TASK PROMPT »
Could you write out the opening lines of the data, word for word, stopping after the line that contains "Frob \<Rightarrow> frob_norm"?

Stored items
fun qnorm_vec :: "norm_kind \<Rightarrow> real list \<Rightarrow> real" where
  "qnorm_vec (Lq s) x = lq_vec s x"
| "qnorm_vec Linf x = linf_vec x"
| "qnorm_vec Frob x = lq_vec 2 x"
| "qnorm_vec Maxent x = linf_vec x"

definition op_norm :: "norm_kind \<Rightarrow> nat \<Rightarrow> real list list \<Rightarrow> real" where
  "op_norm q n W = Sup {qnorm_vec q (mat_vec W x) | x. length x = n \<and> qnorm_vec q x \<le> 1}"

definition frob_norm :: "real list list \<Rightarrow> real" where
  "frob_norm W = sqrt (sum_list (map (\<lambda>row. sum_list (map (\<lambda>a. a\<^sup>2) row)) W))"

definition in_param_ball :: "norm_kind \<Rightarrow> nat list \<Rightarrow> real \<Rightarrow> (real list list \<times> real list) list \<Rightarrow> bool" where
  "in_param_ball q N r \<theta> \<longleftrightarrow> (\<forall>l < length \<theta>.
     (case q of
        Frob \<Rightarrow> frob_norm (fst (\<theta> ! l)) \<le> r \<and> lq_vec 2 (snd (\<theta> ! l)) \<le> r
      | Maxent \<Rightarrow> (\<forall>row \<in> set (fst (\<theta> ! l)). \<forall>a \<in> set row. \<bar>a\<bar> \<le> r) \<and>
                  (\<forall>a \<in> set (snd (\<theta> ! l)). \<bar>a\<bar> \<le> r)
      | _ \<Rightarrow> op_norm q (N ! l) (fst (\<theta> ! l)) \<le> r \<and> qnorm_vec q (snd (\<theta> ! l)) \<le> r))"

definition enum_idx :: "nat \<Rightarrow> 'a::finite" where
  "enum_idx = (SOME f. bij_betw f {..<CARD('a)} (UNIV :: 'a set))"

definition vec_to_list :: "real ^ 'i \<Rightarrow> real list" where
  "vec_to_list x = map (\<lambda>k. x $ enum_idx k) [0..<CARD('i)]"
lemma clipped_ratio_has_derivative:
  assumes fin: "finite (Act s)" and a: "a \<in> Act s" and b: "b \<in> Act s" and "l < u"
    and no_kink: "ratio Act \<theta>old \<theta> s b \<noteq> l" "ratio Act \<theta>old \<theta> s b \<noteq> u"
  shows "((\<lambda>t. softmax_pol Act \<theta>old s b * clip (ratio Act \<theta>old (\<theta>(s := (\<theta> s)(a := t))) s b) l u)
           has_real_derivative indicator (unclipped Act \<theta>old \<theta> l u s) b *
             softmax_pol Act \<theta> s b * ((if b = a then 1 else 0) - softmax_pol Act \<theta> s a)) (at (\<theta> s a))"
proof -
  let ?\<theta>t = "\<lambda>t. \<theta>(s := (\<theta> s)(a := t))"
  let ?Po = "softmax_pol Act \<theta>old s b"
  let ?dP = "softmax_pol Act \<theta> s b * ((if b = a then 1 else 0) - softmax_pol Act \<theta> s a)"
  let ?ind = "indicator (unclipped Act \<theta>old \<theta> l u s) b :: real"
  have "?Po \<noteq> 0"
    using softmax_pol_pos[where Act=Act and s=s and \<theta>=\<theta>old, OF fin b] by simp
  have "((\<lambda>t. ratio Act \<theta>old (?\<theta>t t) s b) has_real_derivative ?dP / ?Po) (at (\<theta> s a))"
    unfolding ratio_def
    by (rule DERIV_cdivide[OF softmax_pol_has_derivative[where Act=Act and s=s, OF fin a]])
  moreover have "((\<lambda>w. clip w l u) has_real_derivative ?ind) (at (ratio Act \<theta>old (?\<theta>t (\<theta> s a)) s b))"
  proof -
    have "?ind = indicator {l<..<u} (ratio Act \<theta>old \<theta> s b)"
      using b by (simp add: unclipped_def indicator_def)
    then show ?thesis
      using clip_has_real_derivative[OF \<open>l < u\<close> no_kink] by simp
  qed
  ultimately have "((\<lambda>t. clip (ratio Act \<theta>old (?\<theta>t t) s b) l u) has_real_derivative ?ind * (?dP / ?Po))
      (at (\<theta> s a))"
    by (rule DERIV_chain2[rotated])
  then have "((\<lambda>t. ?Po * clip (ratio Act \<theta>old (?\<theta>t t) s b) l u) has_real_derivative
      ?Po * (?ind * (?dP / ?Po))) (at (\<theta> s a))"
    by (rule DERIV_cmult)
  moreover have "?Po * (?ind * (?dP / ?Po)) = ?ind * ?dP"
    using \<open>?Po \<noteq> 0\<close> by simp
  ultimately show ?thesis
    by (simp only: mult.assoc)
qed

definition centered_adv :: "('s \<Rightarrow> 'a set) \<Rightarrow> ('s \<Rightarrow> 'a \<Rightarrow> real) \<Rightarrow> ('s \<Rightarrow> 'a \<Rightarrow> real)
    \<Rightarrow> 's \<Rightarrow> 'a set \<Rightarrow> 'a \<Rightarrow> real" where
  "centered_adv Act \<theta> Adv s X a =
     Adv s a * indicator X a - (\<Sum>a'\<in>Act s. softmax_pol Act \<theta> s a' * (Adv s a' * indicator X a'))"
definition connected_graph :: "nat \<Rightarrow> nat set set \<Rightarrow> bool" where
  "connected_graph n E \<longleftrightarrow>
     (\<forall>i<n. \<forall>j<n. (\<lambda>x y. {x, y} \<in> E)\<^sup>*\<^sup>* i j)"

definition degree :: "nat set set \<Rightarrow> nat \<Rightarrow> nat" where
  "degree E i = card {j. {i, j} \<in> E}"

definition laplacian :: "nat \<Rightarrow> nat set set \<Rightarrow> real mat" where
  "laplacian n E = mat n n (\<lambda>(i, j).
      if i = j then real (degree E i) else if {i, j} \<in> E then -1 else 0)"

text \<open>Eigenvalues of L, counted with algebraic multiplicity, sorted increasingly;
  lambda_2 is the second smallest one.\<close>
definition lambda2 :: "nat \<Rightarrow> nat set set \<Rightarrow> real" where
  "lambda2 n E = sorted_list_of_multiset (proots (char_poly (laplacian n E))) ! 1"

definition gamma :: "nat \<Rightarrow> nat set set \<Rightarrow> real" where
  "gamma n E = real (card E) / lambda2 n E"

definition avg_step :: "nat set \<Rightarrow> (nat \<Rightarrow> real) \<Rightarrow> (nat \<Rightarrow> real)" where
  "avg_step e v = (\<lambda>k. if k \<in> e then (\<Sum>i\<in>e. v i) / 2 else v k)"

primrec avg_process :: "nat set set \<Rightarrow> (nat \<Rightarrow> real) \<Rightarrow> nat \<Rightarrow> (nat \<Rightarrow> real) pmf" where
  "avg_process E v0 0 = return_pmf v0"
| "avg_process E v0 (Suc t) =
     bind_pmf (avg_process E v0 t) (\<lambda>v. map_pmf (\<lambda>e. avg_step e v) (pmf_of_set E))"

definition mean_val :: "nat \<Rightarrow> (nat \<Rightarrow> real) \<Rightarrow> real" where
  "mean_val n v = (\<Sum>i<n. v i) / real n"

definition norm1 :: "nat \<Rightarrow> (nat \<Rightarrow> real) \<Rightarrow> real" where
  "norm1 n v = (\<Sum>i<n. \<bar>v i\<bar>)"

definition norm2 :: "nat \<Rightarrow> (nat \<Rightarrow> real) \<Rightarrow> real" where
  "norm2 n v = sqrt (\<Sum>i<n. (v i)\<^sup>2)"

definition exp_dev :: "nat \<Rightarrow> nat set set \<Rightarrow> (nat \<Rightarrow> real) \<Rightarrow> nat \<Rightarrow> real" where
  "exp_dev n E v0 t = measure_pmf.expectation (avg_process E v0 t)
      (\<lambda>v. norm1 n (\<lambda>i. v i - mean_val n v0))"

end

theory Submission
  imports Defs
begin

(*
  Write L for the Laplacian, \<lambda> = \<lambda>_2(G) and x = v - vbar; x stays orthogonal to the all-ones
  vector 1 along every trajectory. Averaging over the edge {a, b} lowers |x|^2 by (x_a - x_b)^2 / 2,
  so given x(t) the expected value of |x(t+1)|^2 is |x(t)|^2 - x^T L x / (2 |E|). Since
  x^T L x \<ge> \<lambda> |x|^2 on the orthogonal complement of 1, this gives
  E |x(t)|^2 \<le> (1 - \<lambda> / (2 |E|))^t |x(0)|^2, and the upper bound follows from
  |y|_1 \<le> sqrt n |y|_2 and (E Y)^2 \<le> E Y^2. For the lower bound, the mean state obeys
  E v(t+1) = (I - L / (2 |E|)) E v(t); started at a unit eigenvector u of \<lambda> orthogonal to 1 it
  equals (1 - \<lambda> / (2 |E|))^t u, and E |v(t)|_1 \<ge> |E v(t)|_1 \<ge> (1 - \<lambda> / (2 |E|))^t |u|_2.

  Here \<lambda>_2 is the second entry of the sorted multiset of roots of the characteristic polynomial,
  so the main work is to identify it with the minimum of the Rayleigh quotient on the complement
  of 1. Connectivity is used twice: only the constants satisfy L x = 0, and 0 is a simple root,
  which follows by conjugating L into a matrix with zero first column.
*)

section \<open>A simple zero of the characteristic polynomial\<close>

text \<open>Conjugating a matrix with
  zero row sums by it produces a zero first column, which splits off the root 0 of the
  characteristic polynomial.\<close>
definition ones_involution :: "nat \<Rightarrow> 'a::ring_1 mat" where
  "ones_involution n = mat n n (\<lambda>(i, j). if j = 0 then 1 else if i = j then -1 else 0)"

SOLUTION »
fun qnorm_vec :: "norm_kind \<Rightarrow> real list \<Rightarrow> real" where
  "qnorm_vec (Lq s) x = lq_vec s x"
| "qnorm_vec Linf x = linf_vec x"
| "qnorm_vec Frob x = lq_vec 2 x"
| "qnorm_vec Maxent x = linf_vec x"

definition op_norm :: "norm_kind \<Rightarrow> nat \<Rightarrow> real list list \<Rightarrow> real" where
  "op_norm q n W = Sup {qnorm_vec q (mat_vec W x) | x. length x = n \<and> qnorm_vec q x \<le> 1}"

definition frob_norm :: "real list list \<Rightarrow> real" where
  "frob_norm W = sqrt (sum_list (map (\<lambda>row. sum_list (map (\<lambda>a. a\<^sup>2) row)) W))"

definition in_param_ball :: "norm_kind \<Rightarrow> nat list \<Rightarrow> real \<Rightarrow> (real list list \<times> real list) list \<Rightarrow> bool" where
  "in_param_ball q N r \<theta> \<longleftrightarrow> (\<forall>l < length \<theta>.
     (case q of
        Frob \<Rightarrow> frob_norm (fst (\<theta> ! l)) \<le> r \<and> lq_vec 2 (snd (\<theta> ! l)) \<le> r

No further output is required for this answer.